- Born: 11 July 1914 Rybnik, Poland
- Died: 21 May 2001 (aged 86) Hampshire, United Kingdom
- Education: Jagiellonian University
- Occupations: Political analyst, linguist, historian
- Known for: World War II historiography Genocide research

= George Malcher =

George Charles Malcher MBE also known as G.C. Malcher or Jerzy Karol Malcher (11 July 1914 – 21 May 2001) was a writer, historian, and political analyst educated in the field of law at the Jagiellonian University of Kraków in the Interwar Poland. He is the author of two nominal books about the history of Poland and Polish-Soviet relations under Communist dictatorship: Poland's Politicized Army (1984), and Blank Pages, Soviet Genocide Against the Polish People (1993).

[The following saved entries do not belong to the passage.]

lemma co_gen_disjoint_wstar_closure_cone_iff:
  assumes "finite J" "\<forall>j\<in>J. wstar_convex_compact (S j) \<and> S j \<noteq> {}" "G \<subseteq> dual_space"
  shows "co_gen (\<Union>j\<in>J. S j) \<inter> wstar_closure (cone_gen G) = {} \<longleftrightarrow>
    (\<exists>v. (\<forall>j\<in>J. support_fun (S j) v < 0) \<and> (\<forall>\<psi>\<in>G. 0 \<le> \<psi> v))"
proof -
  define K where "K = mix J ` weighted_selections J S"
  have K: "wstar_convex_compact K" "K \<subseteq> co_gen (\<Union>j\<in>J. S j)" "\<And>j. j \<in> J \<Longrightarrow> S j \<subseteq> K"
    unfolding K_def by (rule wstar_convex_compact_mix_image[OF assms(1,2)])+
  have neg_iff: "support_fun (S j) v < 0 \<longleftrightarrow> (\<forall>\<phi>\<in>S j. \<phi> v < 0)" if "j \<in> J" for j v
    using assms(2) that by (intro support_fun_less_iff) (simp_all add: wstar_convex_compact_iff)
  show ?thesis
  proof
    assume "co_gen (\<Union>j\<in>J. S j) \<inter> wstar_closure (cone_gen G) = {}"
    then have "K \<inter> closure (cone_gen G) = {}"
      using K(1,2) by (auto simp: wstar_closure_def wstar_convex_compact_iff)
    moreover have "compact K" "pointwise_convex K" "\<forall>\<phi>\<in>K. linear \<phi>" "\<forall>\<psi>\<in>G. linear \<psi>"
      using K(1) assms(3) by (auto simp: wstar_convex_compact_iff dual_space_def bounded_linear.linear)
    ultimately obtain v where "\<forall>\<phi>\<in>K. \<phi> v < 0" "\<forall>\<psi>\<in>G. 0 \<le> \<psi> v"
      using exists_vector_negative_on_compact_nonneg_on_generators by blast
    then show "\<exists>v. (\<forall>j\<in>J. support_fun (S j) v < 0) \<and> (\<forall>\<psi>\<in>G. 0 \<le> \<psi> v)"
      using K(3) by (intro exI[of _ v]) (auto simp: neg_iff)
  next
    assume "\<exists>v. (\<forall>j\<in>J. support_fun (S j) v < 0) \<and> (\<forall>\<psi>\<in>G. 0 \<le> \<psi> v)"
    then obtain v where v: "\<forall>j\<in>J. support_fun (S j) v < 0" "\<forall>\<psi>\<in>G. 0 \<le> \<psi> v" by blast
    then have "\<forall>\<psi>\<in>(\<Union>j\<in>J. S j). \<psi> v < 0" by (auto simp: neg_iff)
    show "co_gen (\<Union>j\<in>J. S j) \<inter> wstar_closure (cone_gen G) = {}"
    proof (intro equals0I)
      fix \<phi> assume "\<phi> \<in> co_gen (\<Union>j\<in>J. S j) \<inter> wstar_closure (cone_gen G)"
      then have "\<phi> v < 0" "0 \<le> \<phi> v"
        using co_gen_negative[OF \<open>\<forall>\<psi>\<in>(\<Union>j\<in>J. S j). \<psi> v < 0\<close>] closure_cone_gen_nonneg[OF v(2)]
        by (auto simp: wstar_closure_def)
      then show False by simp
    qed
  qed
qed

lemma Un_disjoint_wstar_closure_cone_iff:
  assumes "wstar_convex_compact P" "P \<noteq> {}" "wstar_convex_compact Q" "Q \<noteq> {}" "G \<subseteq> dual_space"
  shows "(P \<union> Q) \<inter> wstar_closure (cone_gen G) = {} \<longleftrightarrow>
    (\<exists>v. support_fun P v < 0 \<and> (\<forall>\<psi>\<in>G. 0 \<le> \<psi> v)) \<and> (\<exists>w. support_fun Q w < 0 \<and> (\<forall>\<psi>\<in>G. 0 \<le> \<psi> w))"
  unfolding Int_Un_distrib2 Un_empty
  by (simp only: disjoint_wstar_closure_cone_iff[OF assms(1,2,5)]
      disjoint_wstar_closure_cone_iff[OF assms(3,4,5)])

lemma separation_conditions_iff_disjoint_cones:
  fixes A B :: "'i \<Rightarrow> ('a::real_normed_vector \<Rightarrow> real) set" and S :: "'j \<Rightarrow> ('a \<Rightarrow> real) set"
  assumes AB: "\<forall>i\<in>I. wstar_convex_compact (A i) \<and> A i \<noteq> {} \<and> wstar_convex_compact (B i) \<and> B i \<noteq> {}"
    and "finite J" and S: "\<forall>j\<in>J. wstar_convex_compact (S j) \<and> S j \<noteq> {}"
  shows "((\<forall>i\<in>I. \<exists>v. support_fun (A i) v < 0 \<and>
              (\<forall>k\<in>I. k \<noteq> i \<longrightarrow> support_fun (A k) v \<le> 0 \<and> support_fun (B k) v \<le> 0)) \<and>
          (\<forall>i\<in>I. \<exists>w. support_fun (B i) w < 0 \<and>
              (\<forall>k\<in>I. k \<noteq> i \<longrightarrow> support_fun (B k) w \<le> 0 \<and> support_fun (A k) w \<le> 0)) \<and>
          (\<exists>v0. (\<forall>j\<in>J. support_fun (S j) v0 < 0) \<and>
              (\<forall>i\<in>I. support_fun (A i) v0 \<le> 0 \<and> support_fun (B i) v0 \<le> 0)))
     \<longleftrightarrow>
         ((\<forall>i\<in>I. (A i \<union> B i) \<inter> wstar_closure (cone_gen (\<Union>k\<in>I - {i}. neg_set (A k \<union> B k))) = {}) \<and>
          co_gen (\<Union>j\<in>J. S j) \<inter> wstar_closure (cone_gen (\<Union>i\<in>I. neg_set (A i \<union> B i))) = {})"
proof -
  have G_dual: "(\<Union>k\<in>K. neg_set (A k \<union> B k)) \<subseteq> dual_space" if "K \<subseteq> I" for K
  proof (intro UN_least neg_set_subset_dual_space)
    fix k assume "k \<in> K"
    then have "k \<in> I" using that by blast
    then show "A k \<union> B k \<subseteq> dual_space"
      using AB by (simp add: wstar_convex_compact_iff)
  qed
  have G_nonneg: "(\<forall>\<psi>\<in>(\<Union>k\<in>K. neg_set (A k \<union> B k)). 0 \<le> \<psi> v) \<longleftrightarrow>
      (\<forall>k\<in>K. support_fun (A k) v \<le> 0 \<and> support_fun (B k) v \<le> 0)" if "K \<subseteq> I" for K v
    using AB that by (intro nonneg_on_neg_sets_iff) (auto simp: wstar_convex_compact_iff)
  have "(A i \<union> B i) \<inter> wstar_closure (cone_gen (\<Union>k\<in>I - {i}. neg_set (A k \<union> B k))) = {} \<longleftrightarrow>
      (\<exists>v. support_fun (A i) v < 0 \<and>
         (\<forall>k\<in>I. k \<noteq> i \<longrightarrow> support_fun (A k) v \<le> 0 \<and> support_fun (B k) v \<le> 0)) \<and>
      (\<exists>w. support_fun (B i) w < 0 \<and>
         (\<forall>k\<in>I. k \<noteq> i \<longrightarrow> support_fun (B k) w \<le> 0 \<and> support_fun (A k) w \<le> 0))"
    if "i \<in> I" for i
  proof -
    have P: "wstar_convex_compact (A i)" "A i \<noteq> {}" "wstar_convex_compact (B i)" "B i \<noteq> {}"
      using AB that by simp_all
    have "I - {i} \<subseteq> I" by blast
    show ?thesis
      unfolding Un_disjoint_wstar_closure_cone_iff[OF P G_dual[OF \<open>I - {i} \<subseteq> I\<close>]]
        G_nonneg[OF \<open>I - {i} \<subseteq> I\<close>]
      by blast
  qed
  moreover have "co_gen (\<Union>j\<in>J. S j) \<inter> wstar_closure (cone_gen (\<Union>i\<in>I. neg_set (A i \<union> B i))) = {}
      \<longleftrightarrow> (\<exists>v0. (\<forall>j\<in>J. support_fun (S j) v0 < 0) \<and>
            (\<forall>i\<in>I. support_fun (A i) v0 \<le> 0 \<and> support_fun (B i) v0 \<le> 0))"
    unfolding co_gen_disjoint_wstar_closure_cone_iff[OF \<open>finite J\<close> S G_dual[OF order_refl]]
      G_nonneg[OF order_refl] ..
  ultimately show ?thesis by blast
qed

theorem proposition1:
  fixes f g :: "nat \<Rightarrow> 'a::banach \<Rightarrow> real"
    and m l :: nat
    and xbar :: 'a
    and Dlf Duf Dlg Dug :: "nat \<Rightarrow> ('a \<Rightarrow> real) set"
    and xs ys zs :: "nat \<Rightarrow> ('a \<Rightarrow> real)"
  defines "M \<equiv> {x. (\<forall>i\<in>{1..m}. f i x = 0) \<and> (\<forall>j\<in>{1..l}. g j x \<le> 0)}"
    and "Jx \<equiv> {j\<in>{1..l}. g j xbar = 0}"
    and "A \<equiv> (\<lambda>i. shift_set (Dlf i) (ys i))"
    and "B \<equiv> (\<lambda>i. neg_shift_set (xs i) (Duf i))"
    and "C \<equiv> (\<lambda>i. shift_set (Dlf i) (ys i) \<union> neg_shift_set (xs i) (Duf i))"
  assumes xbar_M: "xbar \<in> M"
    and qf: "\<forall>i\<in>{1..m}. quasidifferentiable_with (f i) xbar (Dlf i) (Duf i)"
    and qg: "\<forall>j\<in>Jx. quasidifferentiable_with (g j) xbar (Dlg j) (Dug j)"
    and xs_in: "\<forall>i\<in>{1..m}. xs i \<in> Dlf i"
    and ys_in: "\<forall>i\<in>{1..m}. ys i \<in> Duf i"
    and zs_in: "\<forall>j\<in>Jx. zs j \<in> Dug j"
  shows "((\<forall>i\<in>{1..m}. \<exists>v. support_fun (A i) v < 0 \<and>
              (\<forall>k\<in>{1..m}. k \<noteq> i \<longrightarrow> support_fun (A k) v \<le> 0 \<and> support_fun (B k) v \<le> 0)) \<and>
          (\<forall>i\<in>{1..m}. \<exists>w. support_fun (B i) w < 0 \<and>
              (\<forall>k\<in>{1..m}. k \<noteq> i \<longrightarrow> support_fun (B k) w \<le> 0 \<and> support_fun (A k) w \<le> 0)) \<and>
          (\<exists>v0. (\<forall>j\<in>Jx. support_fun (shift_set (Dlg j) (zs j)) v0 < 0) \<and>
              (\<forall>i\<in>{1..m}. support_fun (A i) v0 \<le> 0 \<and> support_fun (B i) v0 \<le> 0)))
     \<longleftrightarrow>
         ((\<forall>i\<in>{1..m}. C i \<inter> wstar_closure (cone_gen (\<Union>k\<in>{1..m} - {i}. neg_set (C k))) = {}) \<and>
          co_gen (\<Union>j\<in>Jx. shift_set (Dlg j) (zs j))
            \<inter> wstar_closure (cone_gen (\<Union>i\<in>{1..m}. neg_set (C i))) = {})"
proof -
  have "\<forall>i\<in>{1..m}. wstar_convex_compact (A i) \<and> A i \<noteq> {} \<and> wstar_convex_compact (B i) \<and> B i \<noteq> {}"
    using wstar_convex_compact_shift_set_quasidifferential[OF bspec[OF qf] bspec[OF ys_in]]
      wstar_convex_compact_neg_shift_set_quasidifferential[OF bspec[OF qf] bspec[OF xs_in]]
    by (simp add: A_def B_def)
  moreover have "finite Jx"
    by (simp add: Jx_def)
  moreover have "\<forall>j\<in>Jx. wstar_convex_compact (shift_set (Dlg j) (zs j)) \<and> shift_set (Dlg j) (zs j) \<noteq> {}"
    using wstar_convex_compact_shift_set_quasidifferential[OF bspec[OF qg] bspec[OF zs_in]] by simp
  moreover have "C = (\<lambda>i. A i \<union> B i)"
    by (simp add: A_def B_def C_def)
  ultimately show ?thesis
    using separation_conditions_iff_disjoint_cones by simp
qed

end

During the Nazi German September campaign of 1939, Malcher escaped from a POW field hospital and in 1940 joined the Polish Armed Forces in the West led by General Sikorski. He served under British Command in Great Britain, North Africa and Italy mainly in intelligence services. Following World War II he did not return to new Soviet-controlled Poland and subsequently worked for over 30 years as a high-grade linguist in the British Civil Service in Hampshire where he lived. In 1958 George Malcher was awarded Membership of the Order of the British Empire in recognition of his service with the U.K. Ministry of Defence.

==Life and work==
Malcher was born at the onset of World War I in Upper Silesia. He studied law and administration in the already sovereign Poland at the Jagiellonian University, and political systems at the School of Political Sciences in Kraków. He arrived in Great Britain after the Dunkirk evacuation of British and French forces during that battle. Decades after World War II, during the birth of Solidarity in Poland which coincided with his retirement, Malcher was again involved in the political struggle for Poland's return to freedom. He died in Hampshire, United Kingdom, aged 86 years, survived by Jadwiga, his wife of 54 years and their three children.

George Malcher is the author of two books related to history of wartorn Poland; his Poland's Politicized Army subtitled Communists in uniform was published in 1984 by Praeger, New York, U.S.A. and Blank Pages, Soviet Genocide Against the Polish People was published in the UK in 1993 by Pyrford Press.